lemma char_root_identity:
  assumes "\<kappa> \<noteq> 0" "(4/\<kappa>) * tan (\<kappa>/4) = c * (1 - \<kappa>^2/\<mu>)"
  shows "(\<kappa>/4)^2 * (tan_excess (\<kappa>/4) + 16 * c/\<mu>) = c - 1"
proof -
  define u where "u = \<kappa>/4"
  have u: "u \<noteq> 0" "\<kappa> = 4 * u" using assms(1) by (auto simp: u_def)
  have "tan u / u = c * (1 - 16 * u^2/\<mu>)"
    using assms(2) unfolding u(2) by (simp add: power_mult_distrib)
  moreover have "tan u / u - 1 = u^2 * tan_excess u"
    using u unfolding tan_excess_def by (simp add: field_simps power3_eq_cube power2_eq_square)
  ultimately show ?thesis unfolding u_def[symmetric] by (simp add: algebra_simps)
qed

lemma char_root_sq_le:
  fixes \<mu> c \<kappa> :: real
  assumes "\<mu> > 0" "c \<ge> 1" "0 < \<kappa>" "\<kappa> < 2*pi"
    and "(4/\<kappa>) * tan (\<kappa>/4) = c * (1 - \<kappa>^2/\<mu>)"
  shows "\<kappa>^2 \<le> (c - 1) * \<mu>"
proof -
  have "(\<kappa>/4)^2 * tan_excess (\<kappa>/4) \<ge> 0" using assms by (simp add: tan_excess_nonneg)
  hence "(\<kappa>/4)^2 * (16 * c/\<mu>) \<le> c - 1"
    using char_root_identity[of \<kappa> c \<mu>] assms by (simp add: distrib_left)
  hence "\<kappa>^2 * c \<le> (c - 1) * \<mu>" using assms(1) by (simp add: field_simps power_divide)
  moreover have "\<kappa>^2 * 1 \<le> \<kappa>^2 * c" using assms(2) by (intro mult_left_mono) auto
  ultimately show ?thesis by simp
qed

lemma kappa_root_ex1:
  assumes "\<mu> > 0" "r \<in> {0<..<1}"
  shows "\<exists>!\<kappa>. \<kappa> \<in> {0<..<2*pi} \<and> char_eq \<mu> r \<kappa>"
proof -
  have "r^2 < 1" using assms(2) by (simp add: power_less_one_iff)
  hence "char_coeff r > 1" using assms(2) by (intro char_coeff_gt_one) auto
  from char_fun_ex1_root[OF assms(1) this] show ?thesis unfolding char_eq_iff_char_coeff .
qed

lemma kappa_root:
  assumes "\<mu> > 0" "r \<in> {0<..<1}"
  shows "kappa_root \<mu> r \<in> {0<..<2*pi}" "char_eq \<mu> r (kappa_root \<mu> r)"
  using theI'[OF kappa_root_ex1[OF assms]] unfolding kappa_root_def by blast+

lemma kappa_root_le:
  assumes mu: "\<mu> > 0" and r: "r \<in> {0<..<1}"
  shows "kappa_root \<mu> r \<le> sqrt (6 * \<mu>/41) * r"
proof -
  define \<kappa> where "\<kappa> = kappa_root \<mu> r"
  have \<kappa>: "0 < \<kappa>" "\<kappa> < 2*pi" using kappa_root(1)[OF assms] unfolding \<kappa>_def by auto
  have r2: "r^2 < 1" "0 < r^2" using r by (auto simp: power_less_one_iff)
  have c1: "char_coeff r - 1 = 6 * r^2 / (48 - 7 * r^2)" using r2 by (intro char_coeff_minus_one) simp
  have "char_coeff r > 1" using r2 by (intro char_coeff_gt_one) auto
  hence "\<kappa>^2 \<le> (char_coeff r - 1) * \<mu>"
    using kappa_root(2)[OF assms] \<kappa> mu unfolding \<kappa>_def char_eq_iff_char_coeff
    by (intro char_root_sq_le) auto
  also have "\<dots> \<le> 6 * r^2/41 * \<mu>"
  proof -
    have "6 * r^2 / (48 - 7 * r^2) \<le> 6 * r^2/41" using r2 by (intro divide_left_mono) auto
    thus ?thesis unfolding c1 using mu by (intro mult_right_mono) auto
  qed
  also have "\<dots> = (sqrt (6 * \<mu>/41) * r)^2" using mu by (simp add: power_mult_distrib)
  finally have "\<kappa>^2 \<le> (sqrt (6 * \<mu>/41) * r)^2" .
  moreover have "0 \<le> sqrt (6 * \<mu>/41) * r" using r mu by simp
  ultimately show ?thesis unfolding \<kappa>_def by (rule power2_le_imp_le)
qed

lemma eventually_at_right_0_in_unit_interval:
  "eventually (\<lambda>r. r \<in> {0<..<1}) (at_right (0::real))"
  unfolding eventually_at_right_field by (intro exI[of _ 1]) auto

lemma tendsto_kappa_root_zero:
  assumes "\<mu> > 0"
  shows "(kappa_root \<mu> \<longlongrightarrow> 0) (at_right 0)"
proof (rule tendsto_sandwich[of "\<lambda>r. 0" _ _ "\<lambda>r. sqrt (6 * \<mu>/41) * r"])
  show "eventually (\<lambda>r. 0 \<le> kappa_root \<mu> r) (at_right 0)"
    using eventually_at_right_0_in_unit_interval
    by (rule eventually_mono) (use kappa_root(1)[OF assms] in fastforce)
  show "eventually (\<lambda>r. kappa_root \<mu> r \<le> sqrt (6 * \<mu>/41) * r) (at_right 0)"
    using eventually_at_right_0_in_unit_interval
    by (rule eventually_mono) (rule kappa_root_le[OF assms])
  have "((\<lambda>r::real. sqrt (6 * \<mu>/41) * r) \<longlongrightarrow> sqrt (6 * \<mu>/41) * 0) (at_right 0)"
    by (intro tendsto_intros)
  thus "((\<lambda>r::real. sqrt (6 * \<mu>/41) * r) \<longlongrightarrow> 0) (at_right 0)" by simp
qed simp

lemma kappa_root_div_eq:
  assumes mu: "\<mu> > 0" and r: "r \<in> {0<..<1}"
  shows "kappa_root \<mu> r / r =
    sqrt (96 / ((48 - 7 * r^2) * (tan_excess (kappa_root \<mu> r / 4) + 16 * char_coeff r / \<mu>)))"
proof -
  define \<kappa> where "\<kappa> = kappa_root \<mu> r"
  define D where "D = tan_excess (\<kappa>/4) + 16 * char_coeff r / \<mu>"
  have \<kappa>: "0 < \<kappa>" "\<kappa> < 2*pi" using kappa_root(1)[OF assms] unfolding \<kappa>_def by auto
  have r2: "r^2 < 1" "0 < r^2" using r by (auto simp: power_less_one_iff)
  have "char_coeff r > 1" using r2 by (intro char_coeff_gt_one) auto
  hence "D > 0" unfolding D_def using \<kappa> mu by (intro add_nonneg_pos tan_excess_nonneg) auto
  have "(\<kappa>/4)^2 * D = 6 * r^2 / (48 - 7 * r^2)"
    using char_root_identity[of \<kappa> "char_coeff r" \<mu>] kappa_root(2)[OF assms] \<kappa> r2
    unfolding D_def \<kappa>_def char_eq_iff_char_coeff by (simp add: char_coeff_minus_one)
  hence "(\<kappa>/r)^2 = 96 / ((48 - 7 * r^2) * D)"
    using \<open>D > 0\<close> r2 by (simp add: field_simps power_divide)
  hence "sqrt (96 / ((48 - 7 * r^2) * D)) = \<bar>\<kappa>/r\<bar>" by (metis real_sqrt_abs)
  thus ?thesis using \<kappa> r unfolding \<kappa>_def D_def by simp
qed

lemma tendsto_kappa_root_div:
  assumes mu: "\<mu> > 0"
  shows "((\<lambda>r. kappa_root \<mu> r / r) \<longlongrightarrow> sqrt (6 / (1 + 48 / \<mu>))) (at_right 0)"
proof -
  have "((\<lambda>r. kappa_root \<mu> r / 4) \<longlongrightarrow> 0 / 4) (at_right 0)"
    by (intro tendsto_intros tendsto_kappa_root_zero[OF mu]) simp
  moreover have "eventually (\<lambda>r. kappa_root \<mu> r / 4 > 0) (at_right 0)"
    using eventually_at_right_0_in_unit_interval
    by (rule eventually_mono) (use kappa_root(1)[OF mu] in fastforce)
  ultimately have "filterlim (\<lambda>r. kappa_root \<mu> r / 4) (at_right 0) (at_right 0)"
    by (intro tendsto_imp_filterlim_at_right) simp_all
  hence "((\<lambda>r. tan_excess (kappa_root \<mu> r / 4)) \<longlongrightarrow> 1/3) (at_right 0)"
    by (rule filterlim_compose[OF tendsto_tan_excess])
  moreover have "(48 - 7 * 0^2) * (1/3 + 16 * 1 / \<mu>) \<noteq> (0::real)"
    using mu by (simp add: field_simps)
  ultimately have "((\<lambda>r. sqrt (96 / ((48 - 7 * r^2) *
      (tan_excess (kappa_root \<mu> r / 4) + 16 * char_coeff r / \<mu>))))
      \<longlongrightarrow> sqrt (96 / ((48 - 7 * 0^2) * (1/3 + 16 * 1 / \<mu>)))) (at_right 0)"
    using mu by (intro tendsto_intros tendsto_char_coeff) auto
  moreover have "sqrt (96 / ((48 - 7 * 0^2) * (1/3 + 16 * 1 / \<mu>))) = sqrt (6 / (1 + 48 / \<mu>))"
    using mu by (simp add: field_simps)
  moreover have "eventually (\<lambda>r. sqrt (96 / ((48 - 7 * r^2) *
      (tan_excess (kappa_root \<mu> r / 4) + 16 * char_coeff r / \<mu>))) = kappa_root \<mu> r / r) (at_right 0)"
    using eventually_at_right_0_in_unit_interval
    by (rule eventually_mono) (simp add: kappa_root_div_eq[OF mu])
  ultimately show ?thesis using tendsto_cong by force
qed

lemma sqrt_six_div_eq_half_pi_iff:
  fixes \<mu> :: real
  assumes "\<mu> > 0"
  shows "sqrt (6 / (1 + 48 / \<mu>)) = pi / 2 \<longleftrightarrow> 1 / \<mu> = (24 / pi^2 - 1) / 48"
proof -
  have pos: "1 + 48 / \<mu> > 0" using assms by (simp add: add_pos_pos)
  have "pi / 2 = sqrt ((pi / 2)^2)" using pi_gt_zero by simp
  hence "sqrt (6 / (1 + 48 / \<mu>)) = pi / 2 \<longleftrightarrow> 6 / (1 + 48 / \<mu>) = (pi / 2)^2"
    by (metis real_sqrt_eq_iff)
  also have "\<dots> \<longleftrightarrow> 1 / \<mu> = (24 / pi^2 - 1) / 48"
    using pos assms by (auto simp: field_simps power2_eq_square)
  finally show ?thesis .
qed
lemma slinear_zer:
  assumes "semimodule M" "semimodule N" "slinear M N h"
  shows "h (zer M) = zer N"
proof -
  have z: "zer M \<in> car M" using comm_monoid_onD(1)[OF semimoduleD(1)[OF assms(1)]] .
  have "h (zer M) = h (smult M 0 (zer M))" using semimoduleD(4)[OF assms(1) z] by simp
  also have "\<dots> = smult N 0 (h (zer M))" using assms(3) z unfolding slinear_def by blast
  also have "\<dots> = zer N" using assms(3) z semimoduleD(4)[OF assms(2)] unfolding slinear_def by blast
  finally show ?thesis .
qed

lemma slinear_comp:
  assumes "semimodule A" "slinear A B f" "slinear B C g"
  shows "slinear A C (\<lambda>x\<in>car A. g (f x))"
  using assms(2,3) comm_monoid_onD(2)[OF semimoduleD(1)[OF assms(1)]] semimoduleD(2)[OF assms(1)]
  unfolding slinear_def by (auto simp: Pi_def)

lemma mon_hom_Ker_add:
  assumes "comm_monoid_on A" "comm_monoid_on B" "mon_hom A B \<phi>"
    "k \<in> Ker A B \<phi>" "k' \<in> Ker A B \<phi>"
  shows "add A k k' \<in> Ker A B \<phi>"
  using assms comm_monoid_onD[OF assms(1)] comm_monoid_onD[OF assms(2)]
  unfolding Ker_def mon_hom_def by auto

lemma surj_k_normal_iff_lifting:
  assumes A: "comm_monoid_on A" and B: "comm_monoid_on B" and \<phi>: "mon_hom A B \<phi>"
  shows "(\<phi> ` car A = car B \<and> k_normal A B \<phi>) \<longleftrightarrow>
    (\<forall>b\<in>car B. \<exists>a\<in>car A. \<phi> a = b \<and>
       (\<forall>a'\<in>car A. \<phi> a' = b \<longrightarrow>
          (\<exists>k\<in>car A. \<exists>k'\<in>car A. \<phi> k = zer B \<and> \<phi> k' = zer B \<and> add A a k = add A a' k')))"
    (is "?exact \<longleftrightarrow> ?lifting")
proof
  assume ?exact
  then have surj: "\<phi> ` car A = car B" and kn: "k_normal A B \<phi>" by blast+
  show ?lifting
  proof
    fix b assume "b \<in> car B"
    then obtain a where a: "a \<in> car A" "\<phi> a = b" using surj by (metis imageE)
    have "\<exists>k\<in>car A. \<exists>k'\<in>car A. \<phi> k = zer B \<and> \<phi> k' = zer B \<and> add A a k = add A a' k'"
      if a': "a' \<in> car A" "\<phi> a' = b" for a'
    proof -
      obtain k k' where "k \<in> Ker A B \<phi>" "k' \<in> Ker A B \<phi>" "add A a k = add A a' k'"
        using kn a a' unfolding k_normal_def by metis
      then show ?thesis unfolding Ker_def by blast
    qed
    with a show "\<exists>a\<in>car A. \<phi> a = b \<and>
       (\<forall>a'\<in>car A. \<phi> a' = b \<longrightarrow>
          (\<exists>k\<in>car A. \<exists>k'\<in>car A. \<phi> k = zer B \<and> \<phi> k' = zer B \<and> add A a k = add A a' k'))"
      by blast
  qed
next
  assume lift: ?lifting
  have "\<phi> ` car A \<subseteq> car B" using \<phi> unfolding mon_hom_def by blast
  moreover have "car B \<subseteq> \<phi> ` car A" using lift by fastforce
  moreover have "k_normal A B \<phi>" unfolding k_normal_def
  proof (intro ballI impI)
    fix x x' assume x: "x \<in> car A" and x': "x' \<in> car A" and eq: "\<phi> x = \<phi> x'"
    have "\<phi> x \<in> car B" using \<phi> x unfolding mon_hom_def by blast
    then obtain a where a: "a \<in> car A" and
      cong: "\<forall>a'\<in>car A. \<phi> a' = \<phi> x \<longrightarrow>
        (\<exists>k\<in>car A. \<exists>k'\<in>car A. \<phi> k = zer B \<and> \<phi> k' = zer B \<and> add A a k = add A a' k')"
      using lift by (metis (no_types, lifting))
    obtain k1 k2 where c: "k1 \<in> car A" "k2 \<in> car A" and z: "\<phi> k1 = zer B" "\<phi> k2 = zer B"
      and e: "add A a k1 = add A x k2"
      using cong x by blast
    obtain k1' k2' where c': "k1' \<in> car A" "k2' \<in> car A" and z': "\<phi> k1' = zer B" "\<phi> k2' = zer B"
      and e': "add A a k1' = add A x' k2'"
      using cong x' eq by metis
    have k: "k1 \<in> Ker A B \<phi>" "k2 \<in> Ker A B \<phi>" and k': "k1' \<in> Ker A B \<phi>" "k2' \<in> Ker A B \<phi>"
      using c z c' z' unfolding Ker_def by auto
    note A' = comm_monoid_onD[OF A]
    \<comment> \<open>both x and x' are congruent to a, and congruence is additive\<close>
    have "add A x (add A k2 k1') = add A (add A x k2) k1'" using A'(3)[OF x c(2) c'(1)] by simp
    also have "\<dots> = add A a (add A k1 k1')" using e A'(3)[OF a c(1) c'(1)] by simp
    also have "\<dots> = add A a (add A k1' k1)" using A'(4)[OF c(1) c'(1)] by simp
    also have "\<dots> = add A (add A a k1') k1" using A'(3)[OF a c'(1) c(1)] by simp
    also have "\<dots> = add A x' (add A k2' k1)" using e' A'(3)[OF x' c'(2) c(1)] by simp
    finally show "\<exists>k\<in>Ker A B \<phi>. \<exists>k'\<in>Ker A B \<phi>. add A x k = add A x' k'"
      using mon_hom_Ker_add[OF A B \<phi>] k k' by blast
  qed
  ultimately show ?exact by blast
qed

lemma Hom_simps:
  "car (Hom P X) = {h. slinear P X h \<and> h \<in> extensional (car P)}"
  "add (Hom P X) = (\<lambda>h k. \<lambda>x\<in>car P. add X (h x) (k x))"
  "zer (Hom P X) = (\<lambda>x\<in>car P. zer X)"
  unfolding Hom_def by simp_all

lemma mem_Hom_iff: "h \<in> car (Hom P X) \<longleftrightarrow> slinear P X h \<and> h \<in> extensional (car P)"
  unfolding Hom_simps by simp

lemma Hom_apply_in_car: "h \<in> car (Hom P X) \<Longrightarrow> x \<in> car P \<Longrightarrow> h x \<in> car X"
  unfolding mem_Hom_iff slinear_def by auto

lemma slinear_add:
  assumes P: "semimodule P" and X: "semimodule X" and "slinear P X h" "slinear P X k"
  shows "slinear P X (\<lambda>x\<in>car P. add X (h x) (k x))"
  using assms comm_monoid_onD[OF semimoduleD(1)[OF P]] comm_monoid_onD[OF semimoduleD(1)[OF X]]
    semimoduleD[OF P] semimoduleD[OF X] comm_monoid_on_add_swap[OF semimoduleD(1)[OF X]]
  unfolding slinear_def by (auto simp: Pi_def)

lemma slinear_zero_map:
  assumes "semimodule P" "semimodule X"
  shows "slinear P X (\<lambda>x\<in>car P. zer X)"
  using comm_monoid_onD[OF semimoduleD(1)[OF assms(1)]] comm_monoid_onD[OF semimoduleD(1)[OF assms(2)]]
    semimoduleD[OF assms(1)] semimoduleD[OF assms(2)]
  unfolding slinear_def by auto

lemma comm_monoid_on_Hom:
  assumes P: "semimodule P" and X: "semimodule X"
  shows "comm_monoid_on (Hom P X)"
  unfolding comm_monoid_on_def
proof (intro conjI ballI)
  note X' = comm_monoid_onD[OF semimoduleD(1)[OF X]]
  show "zer (Hom P X) \<in> car (Hom P X)"
    unfolding Hom_simps using slinear_zero_map[OF P X] by auto
  fix h k l assume h: "h \<in> car (Hom P X)" and k: "k \<in> car (Hom P X)" and l: "l \<in> car (Hom P X)"
  note hkl = Hom_apply_in_car[OF h] Hom_apply_in_car[OF k] Hom_apply_in_car[OF l]
  show "add (Hom P X) h k \<in> car (Hom P X)"
    using h k slinear_add[OF P X] unfolding Hom_simps by auto
  show "add (Hom P X) (add (Hom P X) h k) l = add (Hom P X) h (add (Hom P X) k l)"
    unfolding Hom_simps using hkl X' by (auto intro!: restrict_ext)
  show "add (Hom P X) h k = add (Hom P X) k h"
    unfolding Hom_simps using hkl X' by (auto intro!: restrict_ext)
  show "add (Hom P X) (zer (Hom P X)) h = h"
    using h unfolding mem_Hom_iff Hom_simps
    by (intro extensionalityI[of _ "car P"]) (auto simp: X'(5)[OF hkl(1)])
qed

▬▬▬▬▬▬▬▬▬▬

## ABOUT THIS EXERCISE
All lines above with the word "smult" need to be reported.

## SOLUTION FOR THIS PROBLEM
  have "h (zer M) = h (smult M 0 (zer M))" using semimoduleD(4)[OF assms(1) z] by simp
  also have "\<dots> = smult N 0 (h (zer M))" using assms(3) z unfolding slinear_def by blast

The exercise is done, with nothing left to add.